By Brahmanism I mean the negation of the spirit of Liberty, Equality and Fraternity. In that sense it is rampant in all classes and is not confined to the Brahmans alone, though they have been the originators of it” (reported in Times of India, February 14, 1938) In taking these Brahmanism and capitalism as the focus of struggle, Ambedkar was inclined to accept a Marxist explanation of social-economic exploitation with only the necessity of adding an appreciation for the role of caste as an autonomous, exploitative and oppressive social structure. This meant, in effect, taking Marxism as the theory with which to analyze capitalism and supplementing it with an analysis of caste focusing on religion and ideology. This period climaxed with the proclamation of the need for “state socialism” in States and Minorities. It is the Ambedkar of States and Minorities who is usually cited today by various types of socialists and Marxists as justification for their own position.
However, a “dual systems” approach to a theory of society and history is ultimately inadequate, and Ambedkar moved away from it. In fact by the late 1950s it would seem that he was already coming to a rejection of a Marxist approach to economic issues – leave alone criticizing its inadequacy on social issues. The tumultuous political events of the time, mirrored in Ambedkar’s continuing lead in Dalit struggles for equality and liberation, led to his this third and final period, which I would describe in terms of a search for a “Buddhist economics.” As Ambirajan has rightly pointed out, this is not the “Buddhist economics” of “small is beautiful”; rather, in his final essay on “Buddha or Karl Marx,” Ambedkar returns to an appreciation of the role of the private accumulation of wealth (ie of the “market” in conventional economic terms) and gives us a reinterpretation of state, market, community through a Buddhist parable. The householder, striving to increase his wealth honestly and forthrightly, provides the foundation of the economy. The king, symbolizing the state, has the necessary role of ensuring against the poverty of the most oppressed – poverty which would result in chaos or revolution if he did not intervene. Finally, the Bhikku Sangh represents community, the ideal communist society.

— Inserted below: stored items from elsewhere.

(* The group $G_3$ has exponential word growth (with respect to the generating set $\{a,b,c\}$).
   Context: Let $X=\{1,2,3\}$ and $T$ the ternary rooted tree with vertex set $X^*$. $\mathrm{Aut}(T)$ is the group of root-preserving automorphisms with product left-to-right: $(gh)(u)=h(g(u))$. Sections $g|_u$ are defined by $g(uv)=g(u)\,g|_u(v)$; we write $g=(g|_1,g|_2,g|_3)\lambda_g$ with $\lambda_g\in S_3$ the action on the first level; $e$ is the identity. $G_3=\langle a,b,c\rangle\le\mathrm{Aut}(T)$ with $a=(a,b,e)(1\,2)$, $b=(e,b,c)(2\,3)$, $c=(a,e,c)(3\,1)$. *)

theory Defs
  imports Complex_Main
begin

text \<open>The alphabet X = {1,2,3} and the ternary rooted tree with vertex set X*
  (finite words over X, represented as lists; the root is the empty list).\<close>
datatype letter = L1 | L2 | L3

datatype gen = A | B | C

text \<open>The action of the generators a, b, c on X*, read off from the wreath recursion
  g(x v) = lambda_g(x) g|_x(v):
  a = (a,b,e)(1 2),  b = (e,b,c)(2 3),  c = (a,e,c)(3 1).\<close>
fun act :: "gen \<Rightarrow> letter list \<Rightarrow> letter list" where
  "act g [] = []"
| "act A (L1 # v) = L2 # act A v"
| "act A (L2 # v) = L1 # act B v"
| "act A (L3 # v) = L3 # v"
| "act B (L1 # v) = L1 # v"
| "act B (L2 # v) = L3 # act B v"
| "act B (L3 # v) = L2 # act C v"
| "act C (L1 # v) = L3 # act A v"
| "act C (L2 # v) = L2 # v"
| "act C (L3 # v) = L1 # act C v"

definition sym_gens :: "(letter list \<Rightarrow> letter list) set" where
  "sym_gens = act ` UNIV \<union> (\<lambda>g. inv (act g)) ` UNIV"

text \<open>Evaluation of a word s_1 ... s_k in the group, with the left-to-right product
  convention (gh)(u) = h(g(u)): the element acts as s_k \<circ> ... \<circ> s_1.\<close>
definition eval_word :: "(letter list \<Rightarrow> letter list) list \<Rightarrow> (letter list \<Rightarrow> letter list)" where
  "eval_word ws = fold (\<lambda>g f. g \<circ> f) ws id"

definition ball :: "nat \<Rightarrow> (letter list \<Rightarrow> letter list) set" where
  "ball n = {eval_word ws | ws. length ws \<le> n \<and> set ws \<subseteq> sym_gens}"

definition growth :: "nat \<Rightarrow> nat" where
  "growth n = card (ball n)"

definition exponential_growth :: "(nat \<Rightarrow> nat) \<Rightarrow> bool" where
  "exponential_growth \<gamma> \<longleftrightarrow> (\<exists>C::real. C > 1 \<and> (\<forall>n. real (\<gamma> n) \<ge> C ^ n))"

end

theory Submission
  imports Defs
begin
lemma card_u_edges_le: "card (u_edges s) \<le> 1"
  using matching_card_le_hitting_set[OF matching, of "u_edges s" "{Uv s}"]
  by (auto simp: u_edges_def)

lemma card_w_edges_le: "card (w_edges s) \<le> 1"
  using matching_card_le_hitting_set[OF matching, of "w_edges s" "{Wv s}"]
  by (auto simp: w_edges_def)

lemma cross_p_edges_disjoint: "cross_edges s \<inter> p_edges s = {}"
  by (auto simp: cross_edges_def p_edges_def doubleton_eq_iff)

lemma cross_edges_disjoint:
  assumes "s \<noteq> s'"
  shows "cross_edges s \<inter> cross_edges s' = {}"
proof -
  have False if "{Iv s a, Xv a} = {Iv s' b, Xv b}" for a b
    using arg_cong[OF that, of "\<lambda>e. Iv s a \<in> e"] assms by simp
  then show ?thesis
    unfolding cross_edges_def by blast
qed

lemma card_interface_edges_le:
  assumes "finite s"
  shows "card (cross_edges s \<union> p_edges s) \<le> card s"
proof -
  have "card (cross_edges s \<union> p_edges s) \<le> card (Iv s ` s)"
    by (rule matching_card_le_hitting_set[OF matching])
      (use assms in \<open>auto simp: cross_edges_def p_edges_def\<close>)
  also have "\<dots> \<le> card s" by (rule card_image_le[OF assms])
  finally show ?thesis .
qed

lemma card_p_edges_le:
  assumes "s \<in> collC t S"
  shows "card (p_edges s) \<le> 1"
proof -
  have "e = e'" if edges: "e \<in> p_edges s" "e' \<in> p_edges s" for e e'
  proof (rule ccontr)
    assume "e \<noteq> e'"
    obtain i a j b where e: "e \<in> M" "i \<in> {1..t}" "s \<notin> S i" "a \<in> s" "e = {PIv i, Iv s a}"
      and e': "e' \<in> M" "j \<in> {1..t}" "s \<notin> S j" "b \<in> s" "e' = {PIv j, Iv s b}"
      using edges by (auto simp: p_edges_def)
    with \<open>e \<noteq> e'\<close> have "i \<noteq> j" "a \<noteq> b"
      using matching_disjoint[OF matching e(1) e'(1)] by auto
    then show False
      using acyclic_matching_no_square[OF acyclic, of "PIv i" "Iv s a" "PIv j" "Iv s b"]
        G_edges_p_interface[OF assms] e e' by (auto simp: insert_commute)
  qed
  then show ?thesis
    using card_le_Suc0_iff_eq[OF finite_edge_classes(4)] by auto
qed

lemma interface_edges_empty_if_u_w_saturated:
  assumes "s \<in> collC t S" "u_edges s \<noteq> {}" "w_edges s \<noteq> {}"
  shows "cross_edges s \<union> p_edges s = {}"
proof -
  have "Uv s \<in> \<Union>M" "Wv s \<in> \<Union>M"
    using assms(2,3) by (auto simp: u_edges_def w_edges_def)
  moreover have False if e: "e \<in> cross_edges s \<union> p_edges s" for e
  proof -
    obtain a where "a \<in> s" "Iv s a \<in> \<Union>M"
      using e unfolding cross_edges_def p_edges_def by blast
    with \<open>Uv s \<in> \<Union>M\<close> \<open>Wv s \<in> \<Union>M\<close> show False
      using acyclic_matching_no_triangle[OF acyclic, of "Uv s" "Iv s a" "Wv s"]
        G_edges_gadget[OF assms(1)] by (auto simp: insert_commute)
  qed
  ultimately show ?thesis by blast
qed

lemma card_interface_edges_le_1_if_p_saturated:
  assumes "s \<in> collC t S" "p_edges s \<noteq> {}" "u_edges s \<noteq> {} \<or> w_edges s \<noteq> {}"
  shows "card (cross_edges s \<union> p_edges s) \<le> 1"
proof -
  obtain x where x: "x = Uv s \<or> x = Wv s" "x \<in> \<Union>M"
    using assms(3) by (auto simp: u_edges_def w_edges_def)
  obtain e0 i a where e0: "e0 \<in> M" "i \<in> {1..t}" "s \<notin> S i" "a \<in> s" "e0 = {PIv i, Iv s a}"
    using assms(2) by (auto simp: p_edges_def)
  have "e = e0" if e: "e \<in> cross_edges s \<union> p_edges s" for e
  proof (rule ccontr)
    assume "e \<noteq> e0"
    obtain b where b: "e \<in> M" "b \<in> s" "Iv s b \<in> e"
      using e by (auto simp: cross_edges_def p_edges_def)
    with \<open>e \<noteq> e0\<close> have "a \<noteq> b"
      using matching_disjoint[OF matching b(1) e0(1)] e0(5) by auto
    then show False
      using acyclic_matching_no_square[OF acyclic, of "PIv i" "Iv s a" x "Iv s b"]
        G_edges_p_interface[OF assms(1) _ e0(2,3)] G_edges_gadget[OF assms(1)] x e0 b
      by (auto simp: insert_commute)
  qed
  then have "cross_edges s \<union> p_edges s \<subseteq> {e0}"
    by blast
  then show ?thesis
    using card_mono[of "{e0}"] by fastforce
qed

In spite of these shifting phases, though, there is no doubt that Ambedkar’s political-economic philsophy was a form of liberalism. He was an individualist and a rationalist, returning always to the basic Enlightenment values linked to Indian tradition. To take one important statement, in elaborating the morality of modern society, he argues that while in “antique society” the moral code laid down by religion is based on utility, in “modern society” it is based on justice – which he later defines as equivalent to the values of liberty, equality and fraternity: “Utility as a criterion was appropriate to the Antique World in which, society being its end, the moral good was held to be something which has social utility. Justice as a criterion becomes appropriate to the Modern World in which the individual being the end, the moral good was held to be something which does justice to the individual” (17).
But, if Ambedkar’s political-economic philosophy can be characterized as liberalism, what kind of liberalism was it? In an important essay, Ralf Dahrendorf has discussed the three main types of liberalism, classical liberalism, social liberalism and neoliberalism. In classical liberalism, the liberalism of Adam Smith, John Locke and others, the individual is posed at the center of society; the state is justified only because it protects the life, liberty and property (or in terms of the American Declaration of Independence, the “life, liberty and the pursuit of happiness”) of individuals. But this form of liberalism landed historically and logically into contradictions: if the claim to property is justified, as Locke did, by the fact that individuals have put their labour into it, and if the existence and power of the state is justified as protecting “life, liberty and property” – then what can be said of a society characterized by the division between those who possess inherited property and those who do not? What of the fact of actually existing propertiless and impoverished individuals who do not even have the opportunity to acquire property by honest labour? How can the state or the right to property be justified in fact in terms of human rights and human values? Volumes have been written on this by liberal philosophers; but we can simply point out here that the contradiction between inherited inequality and human rights can only be resolved if we admit an important role of state intervention to establish equality – or if we seriously weaken the effort to establish and provide equal rights for all individuals. The first is the way of social liberalism (and there are many forms of this), the second of neoliberalism.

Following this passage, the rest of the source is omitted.